I do not burn my midnight oil over scholarly studies of NATO, but it is my impression that the history of NATO has been the history of the American leadership of NATO. As for multilateralism, it has usually taken the form of many states agreeing to adopt a course of action proposed or prodded by the United States. “Leading from behind” is a new orientation to America’s role in the world, more ambitious in its renunciation of ambition—and more mistaken—even than the “extended hand.” It is not as smart as it thinks it is. In place of the ugly American, the backseat American—but so far the Libyan results of the backseat American are not edifying.
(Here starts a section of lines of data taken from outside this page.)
text \<open>Two n-grams whose hash difference is an even multiple of \<open>h1 a - h1 b\<close> collide at
  least when \<open>h1 a - h1 b\<close> is \<open>0\<close> or \<open>2^(L-1)\<close> mod \<open>2^L\<close>, each of probability \<open>2^-L\<close>.\<close>

lemma recursive_hash_collision_prob:
  fixes x y :: "'a::finite list" and a b :: 'a and k :: int
  assumes L: "L \<ge> 1" and ab: "a \<noteq> b" and k: "even k"
    and diff: "\<And>f. (\<Sum>i<n. B^(n-1-i) * f (x!i)) - (\<Sum>i<n. B^(n-1-i) * f (y!i)) = k * (f a - f b)"
  shows "measure_pmf.prob (recursive_hash L B n) {h. h x = h y} \<ge> 2 / 2^L"
proof -
  define \<delta> :: "'a \<Rightarrow> int" where "\<delta> c = of_bool (c = a) - of_bool (c = b)" for c
  have \<delta>_form: "(\<Sum>c\<in>UNIV. \<delta> c * f c) = f a - f b" for f :: "'a \<Rightarrow> int"
    by (simp add: \<delta>_def left_diff_distrib sum_subtractf)
  define D where "D r = {f :: 'a \<Rightarrow> int. (f a - f b) mod 2^L = r}" for r
  define d :: int where "d = 2^(L-1)"
  have two_d: "2 * d = 2^L" using L by (simp add: d_def power_Suc[symmetric])
  have "odd (\<delta> a)" using ab by (simp add: \<delta>_def)
  then have prob_D: "measure_pmf.prob (char_hash L) (D r) = 1 / 2^L" if "r \<in> {0..<2^L}" for r
    using prob_linear_form_odd[of \<delta> a r L] that by (simp add: D_def \<delta>_form)
  have "D 0 \<union> D d \<subseteq> {f. ngram_hash L B n f \<in> {h. h x = h y}}"
  proof
    fix f assume "f \<in> D 0 \<union> D d"
    then have "2 * d dvd 2 * (f a - f b)"
      by (intro dvd_double_of_mod_half) (auto simp: D_def two_d)
    then have "2^L dvd j * (2 * (f a - f b))" for j by (simp only: two_d dvd_mult)
    moreover obtain j where "k = 2 * j" using k by blast
    ultimately have "2^L dvd k * (f a - f b)" by (simp add: mult.assoc mult.left_commute)
    then have "ngram_hash L B n f x = ngram_hash L B n f y"
      unfolding ngram_hash_def mod_eq_dvd_iff diff .
    then show "f \<in> {f. ngram_hash L B n f \<in> {h. h x = h y}}" by simp
  qed
  then have "measure_pmf.prob (char_hash L) (D 0 \<union> D d)
           \<le> measure_pmf.prob (recursive_hash L B n) {h. h x = h y}"
    unfolding prob_recursive_hash by (rule measure_pmf.finite_measure_mono) simp
  moreover have "D 0 \<inter> D d = {}" by (auto simp: D_def d_def)
  then have "measure_pmf.prob (char_hash L) (D 0 \<union> D d)
           = measure_pmf.prob (char_hash L) (D 0) + measure_pmf.prob (char_hash L) (D d)"
    by (intro measure_pmf.finite_measure_Union) simp_all
  moreover have "d \<in> {0..<2^L}" using two_d L by (simp add: d_def)
  ultimately show ?thesis using prob_D[of 0] prob_D[of d] by simp
qed

lemma ngram_sum_Cons:
  fixes B :: int and f :: "'a \<Rightarrow> int"
  shows "(\<Sum>i<Suc m. B^(Suc m - 1 - i) * f ((c # r) ! i)) = B^m * f c + (\<Sum>i<m. B^(m-1-i) * f (r ! i))"
  unfolding sum.lessThan_Suc_shift by simp

text \<open>Such n-grams exist for \<open>n \<ge> 2\<close>: \<open>a a\<dots>a\<close> and \<open>b a\<dots>a\<close> (difference factor \<open>B^(n-1)\<close>)
  when \<open>B\<close> is even, \<open>a b a\<dots>a\<close> and \<open>b a a\<dots>a\<close> (factor \<open>B^(n-1) - B^(n-2)\<close>) when \<open>B\<close> is odd.\<close>

lemma recursive_hash_colliding_ngrams:
  fixes a b :: "'a::finite" and B :: int
  assumes L: "L \<ge> 1" and n: "n \<ge> 2" and ab: "a \<noteq> b"
  shows "\<exists>w1\<in>ngrams n. \<exists>w2\<in>ngrams n. w1 \<noteq> w2 \<and>
           measure_pmf.prob (recursive_hash L B n :: ('a list \<Rightarrow> int) pmf) {h. h w1 = h w2} \<ge> 2 / 2^L"
proof -
  obtain m where m: "n = Suc (Suc m)" using n by (metis add_2_eq_Suc le_Suc_ex)
  show ?thesis
  proof (cases "even B")
    case True
    define w1 where "w1 = a # replicate (Suc m) a"
    define w2 where "w2 = b # replicate (Suc m) a"
    have "even (B^(Suc m))" using True by simp
    moreover have "(\<Sum>i<n. B^(n-1-i) * f (w1!i)) - (\<Sum>i<n. B^(n-1-i) * f (w2!i)) = B^(Suc m) * (f a - f b)"
      for f :: "'a \<Rightarrow> int"
      unfolding m w1_def w2_def by (simp only: ngram_sum_Cons) (simp add: algebra_simps)
    ultimately have "measure_pmf.prob (recursive_hash L B n) {h. h w1 = h w2} \<ge> 2 / 2^L"
      by (rule recursive_hash_collision_prob[OF L ab, where B = B and n = n and x = w1 and y = w2])
    moreover have "w1 \<in> ngrams n" "w2 \<in> ngrams n" "w1 \<noteq> w2"
      using ab by (simp_all add: ngrams_def w1_def w2_def m)
    ultimately show ?thesis by blast
  next
    case False
    define w1 where "w1 = a # b # replicate m a"
    define w2 where "w2 = b # a # replicate m a"
    have "even (B^(Suc m) - B^m)" using False by simp
    moreover have "(\<Sum>i<n. B^(n-1-i) * f (w1!i)) - (\<Sum>i<n. B^(n-1-i) * f (w2!i)) = (B^(Suc m) - B^m) * (f a - f b)"
      for f :: "'a \<Rightarrow> int"
      unfolding m w1_def w2_def by (simp only: ngram_sum_Cons) (simp add: algebra_simps)
    ultimately have "measure_pmf.prob (recursive_hash L B n) {h. h w1 = h w2} \<ge> 2 / 2^L"
      by (rule recursive_hash_collision_prob[OF L ab, where B = B and n = n and x = w1 and y = w2])
    moreover have "w1 \<in> ngrams n" "w2 \<in> ngrams n" "w1 \<noteq> w2"
      using ab by (simp_all add: ngrams_def w1_def w2_def m)
    ultimately show ?thesis by blast
  qed
qed

lemma recursive_hash_range: "h \<in> set_pmf (recursive_hash L B n) \<Longrightarrow> h x \<in> {0..<2^L}"
  by (auto simp: recursive_hash_def ngram_hash_def)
We are standing by idly as Misurata endures the fate that we intervened to spare Benghazi. We are denying NATO the aircraft that will tip the balance on the battlefield. We are refusing to entertain a political objective, neither recognizing the rebel government nor releasing the funds with which they may adequately arm themselves. The Chairman of the Joint Chiefs even speaks of a stalemate as an acceptable outcome. The president is enjoying another teaching moment—not about rightful intervention or the promotion of democracy, but about the superfluousness of American leadership. It is a teaching refuted by his own counter-terrorism policy, and by much else. Modesty can be misplaced, in nations as in individuals, and sometimes it is only another face of vanity.
Leon Wieseltier is the literary editor of The New Republic. This article originally ran in the May 26, 2011, issue of the magazine.